Tudo sobre malte com Ana PettermannNo episódio 76 do nosso podcast sobre cervejas artesanais, Surra de Lúpulo, aprenda tudo sobre malte com Ana Pettermann, Gerente Regional de Qualidade, sendo responsável pelas 6 maltarias da Ambev na América do Sul.

Engenheira de alimentos, Ana é técnica e mestre cervejeira, além de sommelier. Iniciando a carreira em 2008 e com um MBA em Gestão de Qualidade.

O que é malte?

Apesar de utilizado pelas cervejarias em suas produções, muitos consumidores e entusiastas não sabem detalhe a detalhe o que é o malte e como ele auxilia na composição da cerveja. Ana conta que o malte é qualquer cereal que passou pelo processo de malteação, sendo responsável por fornecer os atributos-chave da cerveja.

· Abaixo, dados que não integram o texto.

lemma sum_subsets_card_Diff:
  fixes \<mu> :: "nat \<Rightarrow> 'a::comm_semiring_1" and x1 x2 :: "'b set"
  assumes x2: "finite x2"
  shows "(\<Sum>y | y \<subseteq> x2 \<and> card y = s. \<mu> (card (y - x1)))
       = (\<Sum>j\<le>s. of_nat ((card (x2 - x1) choose j) * ((card x2 - card (x2 - x1)) choose (s - j))) * \<mu> j)"
proof -
  have "(\<Sum>y | y \<subseteq> x2 \<and> card y = s. \<mu> (card (y - x1)))
      = (\<Sum>y | {} \<subseteq> y \<and> y \<subseteq> x2 \<and> card y = card ({}::'b set) + s. \<mu> (card ((y - {}) \<inter> (x2 - x1))))"
    by (intro sum.cong) (auto intro!: arg_cong[where f = "\<lambda>A. \<mu> (card A)"])
  also have "\<dots> = (\<Sum>j\<le>s. of_nat ((card (x2 - x1 - {}) choose j) * (card (x2 - {} - (x2 - x1)) choose (s - j))) * \<mu> j)"
    by (rule sum_supersets_split) (use x2 in auto)
  also have "card (x2 - {} - (x2 - x1)) = card x2 - card (x2 - x1)"
    using x2 by (simp add: card_Diff_subset)
  finally show ?thesis by simp
qed

lemma kernel_op_comp_up_op:
  assumes K: "\<forall>t\<le>r2. K t = (\<Sum>j\<le>s. of_nat ((t choose j) * ((r2 - t) choose (s - j))) * \<mu> j)"
  shows "kernel_op n r1 r2 K \<psi> = up_op n s r2 (kernel_op n r1 s \<mu> \<psi>)"
proof
  fix x2
  show "kernel_op n r1 r2 K \<psi> x2 = up_op n s r2 (kernel_op n r1 s \<mu> \<psi>) x2"
  proof (cases "x2 \<in> Xr n r2")
    case True
    note x2D = XrD[OF True]
    have col: "(\<Sum>y\<in>{y \<in> Xr n s. y \<subseteq> x2}. \<mu> (card (y - x1))) = K (card (x2 - x1))" for x1
    proof -
      have "{y \<in> Xr n s. y \<subseteq> x2} = {y. y \<subseteq> x2 \<and> card y = s}"
        using x2D by (auto simp: Xr_def)
      moreover have "card (x2 - x1) \<le> r2" using x2D card_mono[of x2 "x2 - x1"] by auto
      ultimately show ?thesis
        using K x2D by (simp add: sum_subsets_card_Diff)
    qed
    have "up_op n s r2 (kernel_op n r1 s \<mu> \<psi>) x2
        = (\<Sum>y\<in>{y \<in> Xr n s. y \<subseteq> x2}. \<Sum>x1\<in>Xr n r1. \<mu> (card (y - x1)) * \<psi> x1)"
      using True by (simp add: up_op_eq kernel_op_def)
    also have "\<dots> = (\<Sum>x1\<in>Xr n r1. (\<Sum>y\<in>{y \<in> Xr n s. y \<subseteq> x2}. \<mu> (card (y - x1))) * \<psi> x1)"
      by (simp add: sum.swap[of _ "Xr n r1"] sum_distrib_right)
    also have "\<dots> = kernel_op n r1 r2 K \<psi> x2"
      using True by (simp add: col kernel_op_def)
    finally show ?thesis ..
  qed (simp add: kernel_op_def up_op_def)
qed
(* Let $q$ be a prime power and let $i,d,k,n,\bar{s}$ be positive integers with $\lfloor (d+1)/2\rfloor\leq i\leq d<k$, $k-i\geq 2$, $n-k-\bar{s}(k+d-2i)\geq d-i$, and $1\leq \bar{s}\leq q(q^{k-1}-1)/(q^{k-i}-1)$. Then: (i) $M_q(i;d,k,n)$ is an $\bar{s}^{\bar{e}_2}$-disjunct matrix, where $$\bar{e}_2=q^{(d-i)(k+\bar{s}(k+d-2i)-i)}\left[n-k-\bar{s}(k+d-2i)\atop d-i\right]_q\left(q^{k-i}\left[k-1\atop i-1\right]_q-(\bar{s}-1)q^{k-i-1}\left[k-2\atop i-1\right]_q\right)-1;$$ (ii) if moreover $i<d$, then, with $q,i,d,k,\bar{s}$ fixed and $n\to+\infty$, $\lim_{n\to+\infty}\frac{\bar{e}_2+1}{\bar{e}_1+1}=+\infty$, where $\bar{e}_1=q^{k-d}\left[k-1\atop d-1\right]_q-(\bar{s}-1)q^{k-d-1}\left[k-2\atop d-1\right]_q-1$.
   Context: $\mathbb{F}_q$ is the finite field with $q$ elements. For integers $m_1,m_2$ the Gaussian coefficient is $\left[m_2\atop m_1\right]_q=\prod_{t=m_2-m_1+1}^{m_2}(q^t-1)\big/\prod_{t=1}^{m_1}(q^t-1)$, with $\left[m_2\atop 0\right]_q=1$ and $\left[m_2\atop m_1\right]_q=0$ whenever $m_1<0$ or $m_2<m_1$. For $1\leq d<k<n$ and $\max\{0,d+k-n\}\leq i\leq d$, $M_q(i;d,k,n)$ is the binary matrix whose rows are indexed by the $d$-dimensional subspaces of $\mathbb{F}_q^n$ and whose columns are indexed by the $k$-dimensional subspaces of $\mathbb{F}_q^n$, with entry $M_q(A,B)=1$ iff $\dim(A\cap B)=i$. Viewing each column as the set of row indices where it has a 1-entry, a binary matrix is $s^e$-disjunct if for every column $C$ and every $s$ other columns $C_1,\dots,C_s$, the column $C$ has at least $e+1$ 1-entries not in $C_1\cup\cdots\cup C_s$. *)

theory Defs
  imports "HOL-Analysis.Analysis"
begin

definition gauss_coef :: "nat \<Rightarrow> int \<Rightarrow> int \<Rightarrow> real" where
  "gauss_coef q m2 m1 =
     (if m1 < 0 \<or> m2 < m1 then 0
      else if m1 = 0 then 1
      else (\<Prod>t\<in>{m2 - m1 + 1..m2}. real q ^ nat t - 1) / (\<Prod>t\<in>{1..m1}. real q ^ nat t - 1))"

“Os principais atributos que o malte fornece para a cerveja são a cor, o aroma, o sabor, corpo e vai impactar diretamente na formação e retenção de espuma. Através da fermentação, vai impactar na promoção do álcool e de forma direta ou indireta na formação de alguns flavours”.

Ana explica que o malte é uma matéria-prima de extrema importância, pois está presente em todo o processo cervejeiro, do início até chegar ao copo de cerveja.

“Qualquer cereal que germine pode ser utilizado ou pensado para o processo de malteação. Alguns exemplos são a cevada, o trigo, o centeio, sorgo, triticale, aveia e arroz. Diversos cereais distintos são usados no universo da maltaria. E, claro, dependendo do cereal utilizado, vai ter uma característica diferente no malte produzido”.

Maltes diversos

Devido à variedade de grãos que podem ser usados no processo de malteação, cada um deles pode trazer características diferentes ao malte. No mundo, o cereal mais utilizado é a cevada, e Ana explica algumas das razões.

“Algumas características específicas fazem com que ela seja propícia para o mundo cervejeiro, tanto dentro da maltaria, quanto da cervejaria. Algumas delas são bem bacanas porque explicam um pouco a razão de ser de uma maltaria, como a presença de casca, usada pelo malteiro pro processo de conservação e malteação, e para o cervejeiro, dependendo da tecnologia da filtração de mosto que ele usa. Outra é que a cevada possui um baixíssimo percentual de lipídeos frente a outros cereais impactando positivamente na estabilidade sensorial da cerveja”.

Ana continua e diz que a cevada possui uma boa relação entre proteína e amido, trazendo equilíbrio que impacta diretamente na produção e retenção de espuma, além de uma estabilidade coloidal.

Processos de malteação

A especialista enfatiza que o processo de malteação é fundamental dentro de uma cervejaria, e é definida pela germinação controla do cereal. Ainda de acordo com Ana, diversos parâmetros precisam ser controlados à risca pelos malteiros: temperatura, tempo e umidade.

“O principal objetivo é o enriquecimento enzimático do cereal e realizar uma série de transformações no endosperma da cevada”.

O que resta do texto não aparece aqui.